● **REQUIRED ACTION**
If a line in the records below holds the word "unfolding", copy it.

──────────────────────────────

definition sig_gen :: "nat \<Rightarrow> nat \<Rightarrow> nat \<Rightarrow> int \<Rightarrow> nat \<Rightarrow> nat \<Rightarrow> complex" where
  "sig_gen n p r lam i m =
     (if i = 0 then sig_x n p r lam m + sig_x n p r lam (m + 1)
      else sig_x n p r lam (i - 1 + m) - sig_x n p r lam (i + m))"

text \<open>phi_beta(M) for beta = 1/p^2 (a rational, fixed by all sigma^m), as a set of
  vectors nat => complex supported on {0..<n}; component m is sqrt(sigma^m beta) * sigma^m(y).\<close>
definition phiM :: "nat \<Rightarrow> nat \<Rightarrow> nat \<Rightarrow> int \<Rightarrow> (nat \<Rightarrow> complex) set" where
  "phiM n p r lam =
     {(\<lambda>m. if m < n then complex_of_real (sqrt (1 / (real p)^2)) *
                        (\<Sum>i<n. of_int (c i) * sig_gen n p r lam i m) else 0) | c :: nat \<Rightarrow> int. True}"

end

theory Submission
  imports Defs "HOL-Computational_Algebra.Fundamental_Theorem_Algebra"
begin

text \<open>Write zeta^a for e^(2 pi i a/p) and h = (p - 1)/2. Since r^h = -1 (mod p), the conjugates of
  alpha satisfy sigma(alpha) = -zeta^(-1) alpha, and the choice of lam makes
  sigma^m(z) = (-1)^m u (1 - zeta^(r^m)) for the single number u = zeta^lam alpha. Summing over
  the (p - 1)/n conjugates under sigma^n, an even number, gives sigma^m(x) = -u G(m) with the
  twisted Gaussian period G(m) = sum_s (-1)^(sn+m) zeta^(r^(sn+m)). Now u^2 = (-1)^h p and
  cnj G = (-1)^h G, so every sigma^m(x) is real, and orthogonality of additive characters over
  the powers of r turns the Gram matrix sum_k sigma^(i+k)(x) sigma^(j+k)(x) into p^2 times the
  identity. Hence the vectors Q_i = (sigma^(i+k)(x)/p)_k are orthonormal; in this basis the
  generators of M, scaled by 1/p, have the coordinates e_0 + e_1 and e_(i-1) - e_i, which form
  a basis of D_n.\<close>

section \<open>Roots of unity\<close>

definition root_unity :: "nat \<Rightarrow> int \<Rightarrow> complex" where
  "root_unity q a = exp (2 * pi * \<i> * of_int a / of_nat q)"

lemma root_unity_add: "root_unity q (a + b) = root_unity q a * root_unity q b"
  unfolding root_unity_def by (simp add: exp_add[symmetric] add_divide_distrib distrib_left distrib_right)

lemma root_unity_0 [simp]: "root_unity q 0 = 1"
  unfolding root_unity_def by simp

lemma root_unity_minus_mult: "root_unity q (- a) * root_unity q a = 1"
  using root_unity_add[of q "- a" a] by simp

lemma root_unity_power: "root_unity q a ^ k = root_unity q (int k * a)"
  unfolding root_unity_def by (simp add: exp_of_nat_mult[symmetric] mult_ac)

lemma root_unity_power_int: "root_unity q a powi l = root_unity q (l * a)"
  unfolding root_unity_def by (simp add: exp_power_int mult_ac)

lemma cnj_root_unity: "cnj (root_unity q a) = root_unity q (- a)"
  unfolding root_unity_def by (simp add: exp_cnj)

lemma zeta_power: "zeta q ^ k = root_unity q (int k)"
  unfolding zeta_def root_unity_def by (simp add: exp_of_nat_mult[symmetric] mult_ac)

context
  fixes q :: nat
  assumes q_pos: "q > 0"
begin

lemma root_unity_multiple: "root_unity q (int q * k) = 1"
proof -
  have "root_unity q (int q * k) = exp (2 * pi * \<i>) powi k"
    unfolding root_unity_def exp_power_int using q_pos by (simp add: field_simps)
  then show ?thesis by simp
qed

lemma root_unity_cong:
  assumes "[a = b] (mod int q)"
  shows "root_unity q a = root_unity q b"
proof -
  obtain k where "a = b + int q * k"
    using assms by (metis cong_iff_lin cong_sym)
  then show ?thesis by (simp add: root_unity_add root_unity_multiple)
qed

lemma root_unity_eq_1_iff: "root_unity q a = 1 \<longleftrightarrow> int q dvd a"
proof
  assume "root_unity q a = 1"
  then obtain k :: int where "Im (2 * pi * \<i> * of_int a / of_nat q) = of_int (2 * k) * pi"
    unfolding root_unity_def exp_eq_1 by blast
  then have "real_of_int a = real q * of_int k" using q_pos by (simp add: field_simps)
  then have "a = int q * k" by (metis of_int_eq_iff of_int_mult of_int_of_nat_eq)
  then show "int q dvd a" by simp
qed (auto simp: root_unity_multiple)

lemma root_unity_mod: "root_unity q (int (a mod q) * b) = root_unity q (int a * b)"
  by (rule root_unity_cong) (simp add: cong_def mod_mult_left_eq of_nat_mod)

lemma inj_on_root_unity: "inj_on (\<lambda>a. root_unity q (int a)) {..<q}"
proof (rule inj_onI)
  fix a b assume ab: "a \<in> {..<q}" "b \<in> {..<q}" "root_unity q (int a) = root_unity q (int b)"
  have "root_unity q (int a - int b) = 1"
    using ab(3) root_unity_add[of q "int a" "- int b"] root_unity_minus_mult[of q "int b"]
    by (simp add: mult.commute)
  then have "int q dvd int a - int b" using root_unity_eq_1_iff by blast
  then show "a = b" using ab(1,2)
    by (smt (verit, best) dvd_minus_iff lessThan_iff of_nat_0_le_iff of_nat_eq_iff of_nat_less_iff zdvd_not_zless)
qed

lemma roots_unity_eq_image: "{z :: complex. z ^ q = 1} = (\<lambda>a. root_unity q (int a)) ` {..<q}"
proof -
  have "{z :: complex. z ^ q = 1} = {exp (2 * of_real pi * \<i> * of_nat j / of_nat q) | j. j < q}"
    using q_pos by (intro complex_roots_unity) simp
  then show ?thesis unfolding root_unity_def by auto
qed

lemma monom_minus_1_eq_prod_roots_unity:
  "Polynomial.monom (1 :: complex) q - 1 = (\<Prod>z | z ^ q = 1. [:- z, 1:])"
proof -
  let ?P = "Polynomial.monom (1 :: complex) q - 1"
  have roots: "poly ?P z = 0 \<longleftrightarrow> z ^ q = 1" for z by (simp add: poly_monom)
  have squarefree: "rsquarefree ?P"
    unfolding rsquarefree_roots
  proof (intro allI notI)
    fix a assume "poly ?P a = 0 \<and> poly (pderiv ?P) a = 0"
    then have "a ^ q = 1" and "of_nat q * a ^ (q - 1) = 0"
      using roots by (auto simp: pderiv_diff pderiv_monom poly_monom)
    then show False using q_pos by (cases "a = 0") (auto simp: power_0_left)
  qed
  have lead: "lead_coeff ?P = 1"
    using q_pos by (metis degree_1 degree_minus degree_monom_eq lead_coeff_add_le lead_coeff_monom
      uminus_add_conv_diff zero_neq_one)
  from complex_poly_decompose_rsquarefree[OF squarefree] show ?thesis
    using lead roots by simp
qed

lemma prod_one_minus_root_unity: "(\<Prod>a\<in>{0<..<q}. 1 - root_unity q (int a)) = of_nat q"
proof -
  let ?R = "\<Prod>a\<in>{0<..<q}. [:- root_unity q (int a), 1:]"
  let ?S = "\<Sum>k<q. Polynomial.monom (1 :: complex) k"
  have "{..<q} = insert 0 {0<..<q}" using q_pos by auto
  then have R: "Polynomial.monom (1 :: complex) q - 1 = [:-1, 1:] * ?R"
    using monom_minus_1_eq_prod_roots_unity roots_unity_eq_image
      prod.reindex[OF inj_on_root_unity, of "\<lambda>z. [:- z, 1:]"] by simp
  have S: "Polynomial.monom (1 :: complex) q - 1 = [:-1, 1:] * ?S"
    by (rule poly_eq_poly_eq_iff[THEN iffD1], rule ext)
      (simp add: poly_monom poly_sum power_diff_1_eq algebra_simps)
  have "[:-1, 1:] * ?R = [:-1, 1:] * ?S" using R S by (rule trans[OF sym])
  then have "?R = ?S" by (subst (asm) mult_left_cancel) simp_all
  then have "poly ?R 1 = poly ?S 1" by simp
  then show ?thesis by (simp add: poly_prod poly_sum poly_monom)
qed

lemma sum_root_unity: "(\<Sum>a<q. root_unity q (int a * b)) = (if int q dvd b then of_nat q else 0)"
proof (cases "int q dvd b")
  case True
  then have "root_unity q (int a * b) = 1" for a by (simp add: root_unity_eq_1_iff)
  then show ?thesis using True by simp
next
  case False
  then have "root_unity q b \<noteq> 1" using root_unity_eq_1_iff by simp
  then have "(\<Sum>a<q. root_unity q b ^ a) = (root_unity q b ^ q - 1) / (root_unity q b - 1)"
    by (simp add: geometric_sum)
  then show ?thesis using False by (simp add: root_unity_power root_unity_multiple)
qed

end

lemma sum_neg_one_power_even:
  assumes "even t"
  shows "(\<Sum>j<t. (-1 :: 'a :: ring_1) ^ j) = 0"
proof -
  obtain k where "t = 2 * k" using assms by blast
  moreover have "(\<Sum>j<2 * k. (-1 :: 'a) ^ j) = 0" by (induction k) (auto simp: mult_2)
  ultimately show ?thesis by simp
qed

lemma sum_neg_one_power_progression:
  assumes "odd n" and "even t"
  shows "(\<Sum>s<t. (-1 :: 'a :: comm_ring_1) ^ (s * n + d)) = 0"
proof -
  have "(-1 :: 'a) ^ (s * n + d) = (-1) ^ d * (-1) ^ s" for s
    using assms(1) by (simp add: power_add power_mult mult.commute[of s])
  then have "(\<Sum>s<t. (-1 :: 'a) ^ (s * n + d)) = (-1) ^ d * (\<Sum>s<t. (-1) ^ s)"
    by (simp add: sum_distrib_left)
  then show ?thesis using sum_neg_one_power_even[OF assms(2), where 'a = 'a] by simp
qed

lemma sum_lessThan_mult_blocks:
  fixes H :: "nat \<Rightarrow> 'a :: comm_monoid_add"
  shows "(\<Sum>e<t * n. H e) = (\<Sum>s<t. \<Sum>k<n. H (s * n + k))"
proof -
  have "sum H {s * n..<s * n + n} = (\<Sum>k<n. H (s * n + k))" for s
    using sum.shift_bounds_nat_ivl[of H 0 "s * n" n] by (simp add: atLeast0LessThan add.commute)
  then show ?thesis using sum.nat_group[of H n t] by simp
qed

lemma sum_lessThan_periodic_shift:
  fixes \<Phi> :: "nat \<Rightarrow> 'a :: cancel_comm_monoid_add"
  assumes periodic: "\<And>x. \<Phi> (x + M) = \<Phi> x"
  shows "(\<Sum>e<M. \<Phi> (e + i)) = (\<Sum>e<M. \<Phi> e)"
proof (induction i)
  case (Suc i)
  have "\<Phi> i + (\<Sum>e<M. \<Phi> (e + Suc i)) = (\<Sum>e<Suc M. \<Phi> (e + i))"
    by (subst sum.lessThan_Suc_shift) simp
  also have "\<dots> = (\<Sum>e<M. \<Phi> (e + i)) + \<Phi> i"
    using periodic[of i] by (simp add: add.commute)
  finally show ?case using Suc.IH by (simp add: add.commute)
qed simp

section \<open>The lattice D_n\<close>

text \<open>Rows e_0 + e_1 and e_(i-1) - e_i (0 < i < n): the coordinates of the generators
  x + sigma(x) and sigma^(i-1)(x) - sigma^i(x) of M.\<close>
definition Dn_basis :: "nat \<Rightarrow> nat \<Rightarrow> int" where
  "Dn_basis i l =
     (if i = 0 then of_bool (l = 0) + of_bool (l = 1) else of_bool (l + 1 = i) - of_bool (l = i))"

──────────────────────────────

● **RESULT OF THE EXERCISE**
  unfolding root_unity_def by (simp add: exp_add[symmetric] add_divide_distrib distrib_left distrib_right)
  unfolding root_unity_def by simp
  unfolding root_unity_def by (simp add: exp_of_nat_mult[symmetric] mult_ac)
  unfolding root_unity_def by (simp add: exp_power_int mult_ac)
  unfolding root_unity_def by (simp add: exp_cnj)
  unfolding zeta_def root_unity_def by (simp add: exp_of_nat_mult[symmetric] mult_ac)
    unfolding root_unity_def exp_power_int using q_pos by (simp add: field_simps)
    unfolding root_unity_def exp_eq_1 by blast
  then show ?thesis unfolding root_unity_def by auto
    unfolding rsquarefree_roots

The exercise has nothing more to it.